Conerly operated a chain of shoe stores in Mississippi and played in many charity golf tournaments in his later years. After an illness, Conerly died of heart disease in a Memphis hospital at the age of seventy-four. He is buried in Oakridge Cemetery in Clarksdale. Each year the Charlie Conerly Memorial Trophy is presented to the outstanding college football player in the state of Mississippi.

As a man and a player, Charlie Conerly typified many men of the World War II generation. He saw what needed to be done and without fanfare simply did it.

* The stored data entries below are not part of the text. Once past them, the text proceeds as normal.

theorem theorem2:
  fixes n k :: nat and R :: "nat set"
  assumes "1 \<le> k" and "k < n"
    and "\<not> (even n \<and> even k)"
    and "\<forall>M::nat. M > 0 \<longrightarrow> n \<noteq> M * k"
    and "R \<subseteq> {0..<n}" and "card R = k"
  shows "let Gk = submatrix (G_mat n k) R {0..<k};
             A = Gk * mat_adjoint Gk
         in Min {t::real. eigenvalue A (complex_of_real t)} < 1
          \<and> Max {t::real. eigenvalue A (complex_of_real t)} > 1"
proof -
  note k = assms(1,2) and R = assms(5) and card = assms(6)
  define A where "A = submatrix (G_mat n k) R {0..<k} * mat_adjoint (submatrix (G_mat n k) R {0..<k})"
  note A = G_row_submatrix_gram[OF k R card, folded A_def]
  have "\<not> k dvd n"
  proof
    assume "k dvd n"
    then obtain M where "n = M * k" by (metis dvd_def mult.commute)
    moreover have "M > 0" using calculation k by (cases M) auto
    ultimately show False using assms(4) by blast
  qed
  then obtain r s where rs: "r \<in> R" "s \<in> R" and not_dvd: "\<not> int n dvd int k * (int r - int s)"
    using ex_pair_not_dvd_mult_diff[OF R card] k by auto
  have "finite R" using R finite_subset by blast
  with rs obtain a b where ab: "a < k" "b < k" "pick R a = r" "pick R b = s"
    using ex_pick_index card by metis
  have "a \<noteq> b" and "A $$ (a,b) \<noteq> 0"
    using ab A(2) k not_dvd support_char_sum_nonzero[OF k(2) not_dvd] by auto
  then show ?thesis unfolding Let_def A_def[symmetric]
    by (intro hermitian_unit_diagonal_eigenvalues_straddle_one[OF A(1,3,4) ab(1,2)])
qed

end
(* Consider the parallel multiple access channel power allocation game and the replicator dynamics described in the context. Let $p(0)=(p_1(0),\dots,p_K(0))\in\Delta$ be an initial power profile and let $\mathcal{A}_k=\mathrm{supp}(p_k(0))\subseteq\mathcal{A}$. Let $\mathfrak{G}^0$ be the reduced game played over $\Delta^0=\prod_k P_k\Delta(\mathcal{A}_k)$ (user $k$ allocates total power $P_k$ only among the nodes in $\mathcal{A}_k$) with payoffs $u_k^0(p)=\sum_{\alpha\in\mathcal{A}_k} b_\alpha\log\bigl(1+\frac{g_{k\alpha}p_{k\alpha}}{\sigma_\alpha^2+\sum_{\ell\neq k}g_{\ell\alpha}p_{\ell\alpha}}\bigr)$. Then the solution of the replicator dynamics starting at $p(0)$ converges to the (almost surely unique) Nash equilibrium of the reduced game $\mathfrak{G}^0$.
   Context: Setting: users $\mathcal{K}=\{1,\dots,K\}$, nodes $\mathcal{A}=\{1,\dots,A\}$. User $k$ has maximum power $P_k>0$ and strategy set $\Delta_k=\{p_k\in\mathbb{R}^{\mathcal{A}}: p_{k\alpha}\ge 0,\ \sum_\alpha p_{k\alpha}=P_k\}$; $\Delta=\prod_k\Delta_k$. Payoffs of the full game: $u_k(p)=\sum_{\alpha\in\mathcal{A}} b_\alpha\log\bigl(1+\frac{g_{k\alpha}p_{k\alpha}}{\sigma_\alpha^2+\sum_{\ell\neq k}g_{\ell\alpha}p_{\ell\alpha}}\bigr)$ with constants $b_\alpha>0$, $\sigma_\alpha^2>0$ and channel gains $g_{k\alpha}>0$ drawn from a continuous (nonatomic) probability distribution on the positive reals. For a finite set $S$, $P_k\Delta(S)$ denotes $\{x\in\mathbb{R}^S: x_\alpha\ge0,\ \sum_\alpha x_\alpha=P_k\}$. $\mathrm{supp}(p_k)=\{\alpha:p_{k\alpha}>0\}$. A Nash equilibrium of a game is a profile from which no user can increase his payoff by a unilateral deviation within his strategy set. Define $v_{k\alpha}(p)=\frac{b_\alpha g_{k\alpha}}{\sigma_\alpha^2+\sum_{\ell}g_{\ell\alpha}p_{\ell\alpha}}$ and $v_k(p)=P_k^{-1}\sum_\beta p_{k\beta}v_{k\beta}(p)$. The replicator dynamics are $\frac{dp_{k\alpha}}{dt}=p_{k\alpha}\bigl(v_{k\alpha}(p(t))-v_k(p(t))\bigr)$. *)

theory Defs
  imports "HOL-Probability.Probability"
begin
lemma sum_subsets_split:
  fixes k n :: nat
  shows "(\<Sum>A\<in>{A. A \<subseteq> {i\<in>{1..k+n}. P i} \<and> Q A}. F A) =
   (\<Sum>X\<in>{X. X \<subseteq> {i\<in>{1..k}. P i}}. \<Sum>C\<in>{C. C \<subseteq> {i\<in>{1..n}. P (k+i)} \<and> Q (X \<union> (+) k ` C)}. F (X \<union> (+) k ` C))"
proof -
  let ?S = "{A. A \<subseteq> {i\<in>{1..k+n}. P i} \<and> Q A}"
  let ?T = "SIGMA X:{X. X \<subseteq> {i\<in>{1..k}. P i}}. {C. C \<subseteq> {i\<in>{1..n}. P (k+i)} \<and> Q (X \<union> (+) k ` C)}"
  let ?glue = "\<lambda>(X, C). X \<union> (+) k ` C"
  let ?cut = "\<lambda>A. (A \<inter> {1..k}, {i. k + i \<in> A} - {0})"
  have glue_cut: "A \<inter> {1..k} \<union> (+) k ` ({i. k + i \<in> A} - {0}) = A" if "A \<subseteq> {1..k+n}" for A
  proof (intro equalityI subsetI)
    fix x assume "x \<in> A"
    with that have "x \<le> k \<or> (x = k + (x - k) \<and> x - k \<in> {i. k + i \<in> A} - {0})" by auto
    with \<open>x \<in> A\<close> that show "x \<in> A \<inter> {1..k} \<union> (+) k ` ({i. k + i \<in> A} - {0})" by fastforce
  qed auto
  have "(\<Sum>A\<in>?S. F A) = (\<Sum>(X, C)\<in>?T. F (X \<union> (+) k ` C))"
  proof (rule sum.reindex_bij_witness[where i = ?glue and j = ?cut])
    fix A assume A: "A \<in> ?S"
    then have "A \<subseteq> {1..k+n}" by auto
    from glue_cut[OF this] show "?glue (?cut A) = A" by simp
    with A show "?cut A \<in> ?T" "(\<lambda>(X, C). F (X \<union> (+) k ` C)) (?cut A) = F A" by auto
  next
    fix p assume p: "p \<in> ?T"
    then obtain X C where [simp]: "p = (X, C)" by (cases p)
    from p show "?cut (?glue p) = p" by auto
    from p show "?glue p \<in> ?S" by auto
  qed
  also have "\<dots> = (\<Sum>X\<in>{X. X \<subseteq> {i\<in>{1..k}. P i}}. \<Sum>C\<in>{C. C \<subseteq> {i\<in>{1..n}. P (k+i)} \<and> Q (X \<union> (+) k ` C)}. F (X \<union> (+) k ` C))"
    by (rule sum.Sigma[symmetric]) (auto intro: finite_subset[of _ "{1..n}"])
  finally show ?thesis .
qed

He was so highly thought of by his Giants teammates that when his old roommate Frank Gifford was inducted into the Pro Football Hall of Fame in Canton, Ohio, he said, almost apologetically, “Chuck, you belong here, too.” Giants owner Wellington Mara often remarked, “Charlie is the best player not in the Pro Football Hall of Fame.” Conerly was, however, voted into the College Football Hall of Fame in 1966.

While there is no full-length biography of Conerly, information can be found in Don Smith, New York Giants (1960); Perian Conerly, Backseat Quarterback (1963); Barry Gottehrer, The Giants of New York: The History of Professional Football’s Most Fabulous Dynasty (1963); Dave Klein, The New York Giants: Yesterday, Today, and Tomorrow (1973); Dave Klein, The Game of Their Lives (1976); and Frank Gifford with Harry Waters, The Whole Ten Yards (1993). An obituary is in the New York Times (14 Feb. 1996).